Give this problem a try 430. Flatten a Multilevel Doubly Linked List.

Note: Some might wonder why you’d use this odd data structure. One use case is a simplified version of Git branching, where flattening the list is like merging all branches, even though that’s not exactly how git merge works.

Problem Statement

You are given a doubly linked list, which contains nodes that have a next pointer, a previous pointer, and an additional child pointer. This child pointer may or may not point to a separate doubly linked list, also containing these special nodes. These child lists may have one or more children of their own, and so on, to produce a multilevel data structure as shown in the example below.

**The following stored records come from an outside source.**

lemma gram_mat_vec_eq_zero_imp:
  assumes U: "U \<in> carrier_mat r n" and indep: "rows_lin_indep U"
    and v: "v \<in> carrier_vec r" and Gv: "(U * ctrans U) *\<^sub>v v = 0\<^sub>v r"
  shows "v = 0\<^sub>v r"
proof -
  define w where "w = ctrans U *\<^sub>v v"
  have w: "w \<in> carrier_vec n" unfolding w_def using U by (simp add: carrier_vecI)
  have cnj_w: "cnj (w $ a) = (\<Sum>i<r. cnj (v $ i) * U $$ (i,a))" if "a < n" for a
    unfolding w_def using that U v
    by (subst index_mult_mat_vec_sum[of _ n r]) (auto simp: cnj_sum mult.commute)
  have "U *\<^sub>v w = (U * ctrans U) *\<^sub>v v"
    unfolding w_def by (rule assoc_mult_mat_vec[symmetric, OF U _ v]) (use U in auto)
  then have Uw: "U *\<^sub>v w = 0\<^sub>v r"
    using Gv by simp
  have "(\<Sum>a<n. cnj (w $ a) * w $ a) = (\<Sum>a<n. \<Sum>i<r. cnj (v $ i) * (U $$ (i,a) * w $ a))"
    using cnj_w by (simp add: sum_distrib_right mult.assoc)
  also have "\<dots> = (\<Sum>i<r. cnj (v $ i) * (U *\<^sub>v w) $ i)"
    by (subst sum.swap) (simp add: index_mult_mat_vec_sum[OF U w] sum_distrib_left)
  also have "\<dots> = 0"
    using Uw by simp
  finally have "(\<Sum>a<n. (cmod (w $ a))\<^sup>2) = 0"
    by (metis (no_types, lifting) complex_norm_square mult.commute of_real_eq_0_iff of_real_sum sum.cong)
  then have "\<forall>a<n. cnj (w $ a) = 0"
    by (simp add: sum_nonneg_eq_0_iff)
  then have "\<forall>i<r. cnj (v $ i) = 0"
    using indep U cnj_w unfolding rows_lin_indep_def by auto
  then show ?thesis
    using v by (auto intro!: eq_vecI)
qed

lemma rows_lin_indep_right_pinv:
  assumes U: "U \<in> carrier_mat r n" and indep: "rows_lin_indep U"
  obtains X where "is_pinv U X" and "U * X = 1\<^sub>m r"
proof -
  define G where "G = U * ctrans U"
  have G: "G \<in> carrier_mat r r" and G_herm: "ctrans G = G"
    unfolding G_def using U by (auto simp: ctrans_mult)
  have "det G \<noteq> 0"
    using det_0_iff_vec_prod_zero[OF G] gram_mat_vec_eq_zero_imp[OF U indep] unfolding G_def by blast
  then obtain B where B: "B \<in> carrier_mat r r" "B * G = 1\<^sub>m r" "G * B = 1\<^sub>m r"
    using det_non_zero_imp_unit[OF G, of "()"] unfolding Units_def ring_mat_def by auto
  have BG: "ctrans B * G = 1\<^sub>m r"
    using B G G_herm ctrans_mult[of G B] by simp
  have "ctrans B = ctrans B * (G * B)"
    using B by simp
  also have "\<dots> = (ctrans B * G) * B"
    by (rule assoc_mult_mat[symmetric, of _ r r _ r _ r]) (use B G in auto)
  also have "\<dots> = B"
    using B BG by simp
  finally have B_herm: "ctrans B = B" .
  define X where "X = ctrans U * B"
  have X: "X \<in> carrier_mat n r"
    unfolding X_def using U B by auto
  have "U * X = G * B"
    unfolding X_def G_def using U B(1) by (simp add: assoc_mult_mat_dims)
  with B have UX: "U * X = 1\<^sub>m r"
    by simp
  have "ctrans (X * U) = X * U"
    unfolding X_def using U B B_herm by (simp add: ctrans_mult assoc_mult_mat_dims)
  with U X UX have "is_pinv U X"
    unfolding is_pinv_def by auto
  then show thesis
    using UX by (rule that)
qed

section \<open>Sums of cubes\<close>

definition cube_sum :: "complex mat \<Rightarrow> nat \<Rightarrow> nat \<Rightarrow> nat \<Rightarrow> complex" where
  "cube_sum U a b c = (\<Sum>i<dim_row U. U $$ (i,a) * U $$ (i,b) * U $$ (i,c))"

lemma r_decomp_iff:
  "r_decomp n r T U \<longleftrightarrow> U \<in> carrier_mat r n \<and> rows_lin_indep U \<and>
     (\<forall>a<n. \<forall>b<n. \<forall>c<n. T a b c = cube_sum U a b c)"
  unfolding r_decomp_def rows_lin_indep_def cube_sum_def by auto

lemma sum_product3:
  fixes f g h :: "_ \<Rightarrow> 'a::comm_semiring_1"
  shows "sum f A * sum g B * sum h C = (\<Sum>a\<in>A. \<Sum>b\<in>B. \<Sum>c\<in>C. f a * g b * h c)"
proof -
  have "sum f A * sum g B * sum h C = (\<Sum>a\<in>A. \<Sum>b\<in>B. f a * g b) * sum h C"
    by (simp only: sum_product)
  also have "\<dots> = (\<Sum>a\<in>A. \<Sum>b\<in>B. \<Sum>c\<in>C. f a * g b * h c)"
    by (simp only: sum_distrib_right) (simp only: sum_distrib_left)
  finally show ?thesis .
qed

lemma contract_cube_sum:
  assumes U: "U \<in> carrier_mat r n" and T: "\<forall>a<n. \<forall>b<n. \<forall>c<n. T a b c = cube_sum U a b c"
  shows "(\<Sum>a<n. \<Sum>b<n. \<Sum>c<n. x a * y b * z c * T a b c) =
    (\<Sum>i<r. (\<Sum>a<n. U $$ (i,a) * x a) * (\<Sum>b<n. U $$ (i,b) * y b) * (\<Sum>c<n. U $$ (i,c) * z c))"
proof -
  have "(\<Sum>a<n. \<Sum>b<n. \<Sum>c<n. x a * y b * z c * T a b c) =
      (\<Sum>a<n. \<Sum>b<n. \<Sum>c<n. \<Sum>i<r. x a * y b * z c * (U $$ (i,a) * U $$ (i,b) * U $$ (i,c)))"
    using U T by (simp add: cube_sum_def sum_distrib_left)
  also have "\<dots> = (\<Sum>i<r. \<Sum>a<n. \<Sum>b<n. \<Sum>c<n. x a * y b * z c * (U $$ (i,a) * U $$ (i,b) * U $$ (i,c)))"
    by (simp only: sum.swap[where B = "{..<r}"])
  also have "\<dots> = (\<Sum>i<r. (\<Sum>a<n. U $$ (i,a) * x a) * (\<Sum>b<n. U $$ (i,b) * y b) * (\<Sum>c<n. U $$ (i,c) * z c))"
    unfolding sum_product3 by (simp add: mult_ac)
  finally show ?thesis .
qed

lemma tmul3_cube_sum:
  assumes U: "U \<in> carrier_mat r n" and A: "A \<in> carrier_mat n m"
    and T: "\<forall>a<n. \<forall>b<n. \<forall>c<n. T a b c = cube_sum U a b c"
    and "i1 < m" "i2 < m" "i3 < m"
  shows "tmul3 A T i1 i2 i3 = cube_sum (U * A) i1 i2 i3"
proof -
  have "tmul3 A T i1 i2 i3 = (\<Sum>a<n. \<Sum>b<n. \<Sum>c<n. A $$ (a,i1) * A $$ (b,i2) * A $$ (c,i3) * T a b c)"
    unfolding tmul3_def using A by simp
  also have "\<dots> = (\<Sum>i<r. (\<Sum>a<n. U $$ (i,a) * A $$ (a,i1)) * (\<Sum>b<n. U $$ (i,b) * A $$ (b,i2)) *
      (\<Sum>c<n. U $$ (i,c) * A $$ (c,i3)))"
    by (rule contract_cube_sum[OF U T])
  also have "\<dots> = cube_sum (U * A) i1 i2 i3"
    unfolding cube_sum_def using U A assms by (simp add: index_mult_mat_sum[OF U A] del: index_mult_mat(1))
  finally show ?thesis .
qed

section \<open>Uniqueness of the decomposition up to isometry\<close>

lemma cube_root_of_unity_or_zero:
  fixes z :: complex
  assumes "z ^ 4 = z"
  shows "z = 0 \<or> z ^ 3 = 1"
proof -
  have "z * (z ^ 3 - 1) = 0"
    using assms by (simp add: algebra_simps power_numeral_reduce)
  then show ?thesis by auto
qed

lemma cnj_mult_self_eq_cube:
  fixes z :: complex
  assumes "z ^ 4 = z"
  shows "cnj z * z = z ^ 3"
proof (cases "z = 0")
  case False
  with assms have z3: "z ^ 3 = 1"
    using cube_root_of_unity_or_zero by blast
  then have "cmod z ^ 3 = 1"
    by (metis norm_one norm_power)
  then have "cmod z = 1"
    by (metis norm_ge_zero power_eq_iff_eq_base power_one zero_less_numeral zero_le_one)
  then have "cnj z * z = 1"
    using complex_norm_square[of z] by (simp add: mult.commute)
  with z3 show ?thesis by simp
qed simp

lemma power_six_eq_of_bool:
  fixes z :: complex
  assumes "z ^ 4 = z"
  shows "z ^ 6 = of_bool (z \<noteq> 0)"
proof (cases "z = 0")
  case False
  with assms have z3: "z ^ 3 = 1"
    using cube_root_of_unity_or_zero by blast
  have "z ^ 6 = (z ^ 3) ^ 2"
    by (simp flip: power_mult)
  with False z3 show ?thesis by simp
qed simp

(* The row sums of sixth powers count the nonzero entries of a row, so distinct columns of M
   have disjoint supports. *)
lemma ctrans_mult_eq_one_if_cube_root_entries:
  assumes M: "M \<in> carrier_mat m k"
    and entries: "\<forall>j<m. \<forall>i<k. (M $$ (j,i)) ^ 4 = M $$ (j,i)"
    and cols: "\<forall>i<k. (\<Sum>j<m. (M $$ (j,i)) ^ 3) = 1"
    and rows: "\<forall>j<m. (\<Sum>i<k. (M $$ (j,i)) ^ 6) = 1"
  shows "ctrans M * M = 1\<^sub>m k"
proof (rule eq_matI)
  have single_nonzero: "M $$ (j,i) = 0 \<or> M $$ (j,l) = 0"
    if j: "j < m" and il: "i < k" "l < k" "i \<noteq> l" for j i l
  proof (rule ccontr)
    assume "\<not> ?thesis"
    then have "{i, l} \<subseteq> {..<k} \<inter> {i. M $$ (j,i) \<noteq> 0}"
      using il by auto
    then have "2 \<le> card ({..<k} \<inter> {i. M $$ (j,i) \<noteq> 0})"
      using il card_mono[of "{..<k} \<inter> {i. M $$ (j,i) \<noteq> 0}" "{i, l}"] by simp
    moreover have "(\<Sum>i<k. of_bool (M $$ (j,i) \<noteq> 0) :: complex) = 1"
      using rows entries j by (simp flip: power_six_eq_of_bool)
    ultimately show False
      by simp
  qed
  fix i l assume "i < dim_row (1\<^sub>m k)" "l < dim_col (1\<^sub>m k)"
  then have il: "i < k" "l < k" by auto
  have "(ctrans M * M) $$ (i,l) = (\<Sum>j<m. cnj (M $$ (j,i)) * M $$ (j,l))"
    using M il by (subst index_mult_mat_sum[of _ k m _ k]) auto
  also have "\<dots> = 1\<^sub>m k $$ (i,l)"
  proof (cases "i = l")
    case True
    then show ?thesis
      using il cols entries by (simp add: cnj_mult_self_eq_cube)
  next
    case False
    then show ?thesis
      using il single_nonzero by (auto intro!: sum.neutral)
  qed
  finally show "(ctrans M * M) $$ (i,l) = 1\<^sub>m k $$ (i,l)" .
qed (use M in auto)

Given the head of the first level of the list, flatten the list so that all the nodes appear in a single-level, doubly linked list. Let curr be a node with a child list. The nodes in the child list should appear after curr and before curr.next in the flattened list.

Return the head of the flattened list. The nodes in the list must have all of their child pointers set to null.

Examples

Example 1

Input: head = [1,2,3,4,5,6,null,null,null,7,8,9,10,null,null,11,12]
Output: [1,2,3,7,8,11,12,9,10,4,5,6]

Example 1

Input: head = [1,2,null,3]
Output: [1,3,2]

Example 3

Input: head = []
Output: []

Constraints

The number of Nodes will not exceed 1000.
1 <= Node.val <= 10^5

Prerequisite Knowledge

DFS
Linked List
Tree Traversal

Example Code

/*
// Definition for a Node.
class Node {
    public int val;
    public Node prev;
    public Node next;
    public Node child;
};
*/

class Solution {
    public Node flatten(Node head) {
        if (head == null) return head;
        
        Node pseudoHead = new Node(0, null, head, null);

        Stack<Node> stack = new Stack<>();
        stack.push(head);
        
        Node curr = pseudoHead, prev = pseudoHead;
        while (!stack.isEmpty()) {
            curr = stack.pop();
            prev.next = curr;
            curr.prev = prev;

            if (curr.next != null) stack.push(curr.next);
            if (curr.child != null) {
                stack.push(curr.child);
                curr.child = null;
            }

            prev = curr;
        }

        pseudoHead.next.prev = null;
        return pseudoHead.next;
    }
}

Complexity Analysis

Time Complexity: O(n)
Space Complexity: O(n)

Sign-off

Congratulations on making it this far! Best of luck in your future competitions!